Background: The prognosis of early unfavorable and advanced stage classic Hodgkin lymphoma (cHL) remains suboptimal with the widely used ABVD (doxorubicin, bleomycin, vinblastine, and dacarbazine) regimen. Novel agents such as brentuximab vedotin (BV) and anti-PD-1 antibody have demonstrated high efficacy and good tolerance in relapsed/refractory cHL and have also shown promising results in the frontline setting. However, concurrent administration of anti-PD-1 antibody plus AVD in comparison with traditional ABVD regimen alone in untreated classic Hodgkin lymphoma (cHL) has yet to be adequately studied in real-world clinical practice.

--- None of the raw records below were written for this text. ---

lemma ip_eq_sum:
  assumes "degree f \<le> N" "degree g \<le> M"
  shows "ip c f g = (\<Sum>i\<le>N. \<Sum>j\<le>M. coeff f i * cnj (coeff g j) * c (int i - int j))"
proof -
  define S where "S = {- int M..int N}"
  have "ip c f g = (\<Sum>k\<in>S. lprod f g k * c k)"
    unfolding ip_def S_def by (rule Lfun_eq_sum) (auto simp: lprod_eq_sum[OF assms] intro!: sum.neutral)
  also have "\<dots> = (\<Sum>i\<le>N. \<Sum>j\<le>M. \<Sum>k\<in>S.
      if int i - int j = k then coeff f i * cnj (coeff g j) * c k else 0)"
    unfolding lprod_eq_sum[OF assms] sum_distrib_right sum.swap[where A = S]
    by (simp add: if_distrib[where f = "\<lambda>x. x * z" for z] cong: if_cong)
  also have "\<dots> = (\<Sum>i\<le>N. \<Sum>j\<le>M. coeff f i * cnj (coeff g j) * c (int i - int j))"
    by (simp add: S_def)
  finally show ?thesis .
qed

lemma ip_add_left: "ip c (f + g) h = ip c f h + ip c g h"
proof -
  let ?N = "max (degree f) (degree g)"
  have "degree (f + g) \<le> ?N" "degree f \<le> ?N" "degree g \<le> ?N"
    by (simp_all add: degree_add_le_max)
  then show ?thesis
    by (simp add: ip_eq_sum[of _ ?N h "degree h"] sum.distrib[symmetric] ring_distribs)
qed

lemma ip_add_right: "ip c h (f + g) = ip c h f + ip c h g"
proof -
  let ?M = "max (degree f) (degree g)"
  have "degree (f + g) \<le> ?M" "degree f \<le> ?M" "degree g \<le> ?M"
    by (simp_all add: degree_add_le_max)
  then show ?thesis
    by (simp add: ip_eq_sum[of h "degree h" _ ?M] sum.distrib[symmetric] ring_distribs)
qed

lemma ip_smult_left: "ip c (smult a f) h = a * ip c f h"
  by (simp add: ip_eq_sum[OF degree_smult_le order.refl] ip_eq_sum[OF order.refl order.refl]
      sum_distrib_left ac_simps)

lemma ip_smult_right: "ip c h (smult a f) = cnj a * ip c h f"
  by (simp add: ip_eq_sum[OF order.refl degree_smult_le] ip_eq_sum[OF order.refl order.refl]
      sum_distrib_left ac_simps)

lemma ip_diff_left: "ip c (f - g) h = ip c f h - ip c g h"
  using ip_add_left[of c f "- g" h] ip_smult_left[of c "- 1" g h] by simp

lemma ip_diff_right: "ip c h (f - g) = ip c h f - ip c h g"
  using ip_add_right[of c h f "- g"] ip_smult_right[of c h "- 1" g] by simp

lemma ip_sum_left: "ip c (sum f A) h = (\<Sum>x\<in>A. ip c (f x) h)"
  using ip_smult_left[of c 0 0 h]
  by (induction A rule: infinite_finite_induct) (simp_all add: ip_add_left)

lemma ip_sum_right: "ip c h (sum f A) = (\<Sum>x\<in>A. ip c h (f x))"
  using ip_smult_right[of c h 0 0]
  by (induction A rule: infinite_finite_induct) (simp_all add: ip_add_right)

lemma ip_1_1: "ip c 1 1 = c 0"
  by (simp add: ip_eq_sum[of 1 0 1 0])

lemma ip_pCons_0: "ip c (pCons 0 f) (pCons 0 g) = ip c f g"
proof -
  have "ip c (pCons 0 f) (pCons 0 g) = (\<Sum>i\<le>Suc (degree f). \<Sum>j\<le>Suc (degree g).
      coeff (pCons 0 f) i * cnj (coeff (pCons 0 g) j) * c (int i - int j))"
    by (rule ip_eq_sum) (simp_all add: degree_pCons_le)
  also have "\<dots> = ip c f g"
    unfolding sum.atMost_Suc_shift by (simp add: ip_eq_sum[OF order.refl order.refl])
  finally show ?thesis .
qed

lemma sum_atMost_rev: "(\<Sum>i\<le>n. F i) = (\<Sum>i\<le>(n::nat). F (n - i))"
  using sum.atLeastAtMost_rev[of F 0 n] by (simp add: atLeast0AtMost)

lemma ip_polystar:
  assumes "degree f = n" "degree g = n"
  shows "ip c (polystar f) (polystar g) = ip c g f"
proof -
  have "ip c (polystar f) (polystar g) =
      (\<Sum>i\<le>n. \<Sum>j\<le>n. cnj (coeff f (n - i)) * coeff g (n - j) * c (int i - int j))"
    unfolding ip_eq_sum[OF degree_polystar_le degree_polystar_le] assms
    by (intro sum.cong refl) (simp add: coeff_polystar assms)
  also have "\<dots> = (\<Sum>i\<le>n. \<Sum>j\<le>n. cnj (coeff f i) * coeff g j * c (int j - int i))"
    by (subst sum_atMost_rev, subst (2) sum_atMost_rev) (simp add: of_nat_diff)
  also have "\<dots> = ip c g f"
    using assms by (subst sum.swap) (simp add: ip_eq_sum[of g n f n] ac_simps)
  finally show ?thesis .
qed

section \<open>Orthogonality and norms\<close>

lemma monic_basis_expansion:
  fixes P :: "nat \<Rightarrow> 'a::comm_ring_1 poly"
  assumes deg: "\<And>k. degree (P k) = k" and monic: "\<And>k. coeff (P k) k = 1"
  shows "degree g \<le> d \<Longrightarrow> \<exists>x. g = (\<Sum>k\<le>d. smult (x k) (P k))"
proof (induction d arbitrary: g)
  case 0
  have "P 0 = 1" "g = [:coeff g 0:]"
    using degree_0_id[of "P 0"] degree_0_id[of g] 0 deg monic by (auto simp: one_pCons)
  then have "g = smult (coeff g 0) (P 0)" by simp
  then show ?case by auto
next
  case (Suc d)
  define h where "h = g - smult (coeff g (Suc d)) (P (Suc d))"
  have "degree h \<le> d"
  proof (rule degree_le, intro allI impI)
    fix i assume "d < i"
    then consider "i = Suc d" | "Suc d < i" by linarith
    then show "coeff h i = 0"
      using Suc.prems by cases (simp_all add: h_def monic coeff_eq_0 deg)
  qed
  then obtain x where x: "h = (\<Sum>k\<le>d. smult (x k) (P k))"
    using Suc.IH by blast
  have "g = (\<Sum>k\<le>Suc d. smult ((x(Suc d := coeff g (Suc d))) k) (P k))"
    using x by (simp add: h_def algebra_simps)
  then show ?case by blast
qed

lemma ip_Phi_degree_less:
  assumes orth: "\<And>m k. m \<noteq> k \<Longrightarrow> ip c (Phi \<alpha> m) (Phi \<alpha> k) = 0"
    and "degree g < m"
  shows "ip c (Phi \<alpha> m) g = 0"
proof -
  have "degree g \<le> m - 1"
    using assms(2) by linarith
  then obtain x where "g = (\<Sum>k\<le>m - 1. smult (x k) (Phi \<alpha> k))"
    using monic_basis_expansion[of "Phi \<alpha>"] by auto
  then show ?thesis
    using assms(2) by (auto simp: ip_sum_right ip_smult_right orth intro!: sum.neutral)
qed

lemma ip_degree_less_Phi:
  assumes orth: "\<And>m k. m \<noteq> k \<Longrightarrow> ip c (Phi \<alpha> m) (Phi \<alpha> k) = 0"
    and "degree g < m"
  shows "ip c g (Phi \<alpha> m) = 0"
proof -
  have "degree g \<le> m - 1"
    using assms(2) by linarith
  then obtain x where "g = (\<Sum>k\<le>m - 1. smult (x k) (Phi \<alpha> k))"
    using monic_basis_expansion[of "Phi \<alpha>"] by auto
  then show ?thesis
    using assms(2) by (auto simp: ip_sum_left ip_smult_left orth intro!: sum.neutral)
qed

lemma ip_Phi_Phi:
  assumes orth: "\<And>m k. m \<noteq> k \<Longrightarrow> ip c (Phi \<alpha> m) (Phi \<alpha> k) = 0"
  shows "ip c (Phi \<alpha> n) (Phi \<alpha> n) = c 0 * (\<Prod>k<n. 1 - of_real ((cmod (\<alpha> k))\<^sup>2))"
proof (induction n)
  case 0
  then show ?case by (simp add: ip_1_1)
next
  case (Suc n)
  define P where "P = Phi \<alpha> n"
  define Q where "Q = Phi \<alpha> (Suc n)"
  define a where "a = \<alpha> n"
  have Q: "Q = pCons 0 P - smult (cnj a) (polystar P)"
    and zP: "pCons 0 P = Q + smult (cnj a) (polystar P)"
    by (simp_all add: P_def Q_def a_def)
  have degP: "degree P = n"
    by (simp add: P_def)
  have "degree (polystar P) < Suc n"
    using degree_polystar_le[of P] degP by simp
  then have QP: "ip c Q (polystar P) = 0" and PQ: "ip c (polystar P) Q = 0"
    unfolding Q_def using ip_Phi_degree_less[OF orth] ip_degree_less_Phi[OF orth] by blast+
  have "ip c Q Q = ip c Q (pCons 0 P)"
    by (subst (2) Q) (simp add: ip_diff_right ip_smult_right QP)
  also have "\<dots> = ip c (pCons 0 P) (pCons 0 P) - cnj a * ip c (polystar P) (pCons 0 P)"
    by (subst (1) Q) (simp add: ip_diff_left ip_smult_left)
  also have "ip c (polystar P) (pCons 0 P) = a * ip c P P"
    unfolding zP by (simp add: ip_add_right ip_smult_right PQ ip_polystar[OF degP degP])
  finally have "ip c Q Q = (1 - cnj a * a) * ip c P P"
    by (simp add: ip_pCons_0 algebra_simps)
  moreover have "cnj a * a = of_real ((cmod a)\<^sup>2)"
    using complex_norm_square[of a] by (simp only: mult.commute)
  ultimately show ?case
    using Suc.IH unfolding P_def Q_def a_def by (simp only: prod.lessThan_Suc ac_simps)
qed

lemma ip_Phi_Phi_nonzero:
  assumes orth: "\<And>m k. m \<noteq> k \<Longrightarrow> ip c (Phi \<alpha> m) (Phi \<alpha> k) = 0"
    and "c 0 \<noteq> 0" "\<And>k. cmod (\<alpha> k) < 1"
  shows "ip c (Phi \<alpha> n) (Phi \<alpha> n) \<noteq> 0"
proof -
  have "(cmod (\<alpha> k))\<^sup>2 \<noteq> 1" for k
    using assms(3)[of k] abs_square_less_1[of "cmod (\<alpha> k)"] by simp
  then have "1 - complex_of_real ((cmod (\<alpha> k))\<^sup>2) \<noteq> 0" for k
    by (metis of_real_1 of_real_eq_iff right_minus_eq)
  then show ?thesis
    using assms(2) by (simp add: ip_Phi_Phi[OF orth])
qed

section \<open>Gentle Motzkin paths\<close>

lemma Cons_in_gMot:
  "st # ps \<in> gMot a b c d \<longleftrightarrow> 0 \<le> b \<and>
    (st = 1 \<and> even (a + b) \<or> st = -1 \<and> odd (a + b) \<and> 1 \<le> b \<or> st = 0) \<and>
    ps \<in> gMot (a + 1) (b + st) c d"
  unfolding gMot_def by auto

lemma Nil_in_gMot: "[] \<in> gMot a b c d \<longleftrightarrow> 0 \<le> b \<and> c = a \<and> d = b"
  unfolding gMot_def by auto

lemma gMot_height_nonneg: "ps \<in> gMot a b c d \<Longrightarrow> 0 \<le> b"
  unfolding gMot_def by auto

lemma gMot_level_le: "ps \<in> gMot a b c d \<Longrightarrow> a + b \<le> c + d"
proof (induction ps arbitrary: a b)
  case Nil
  then show ?case by (simp add: Nil_in_gMot)
next
  case (Cons st ps)
  then have "a + 1 + (b + st) \<le> c + d" "-1 \<le> st"
    by (auto simp: Cons_in_gMot)
  then show ?case by linarith
qed

lemma finite_gMot: "finite (gMot a b c d)"
proof -
  have "gMot a b c d \<subseteq> {ps. set ps \<subseteq> {-1, 0, 1} \<and> length ps = nat (c - a)}"
    unfolding gMot_def by auto
  then show ?thesis
    using finite_lists_length_eq[of "{-1, 0, 1::int}"] finite_subset by blast
qed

Methods: We enrolled eligible adult patients with histologically confirmed cHL who had received initial treatment with the ABVD regimen, or the novel combination regimens of anti-PD1-AVD. The study endpoints included modified progression-free survival (mPFS) and complete response (CR) after 2 cycles of therapy. Propensity score matching (PSM) was performed to balance clinical variables between regimens prior to efficacy comparisons.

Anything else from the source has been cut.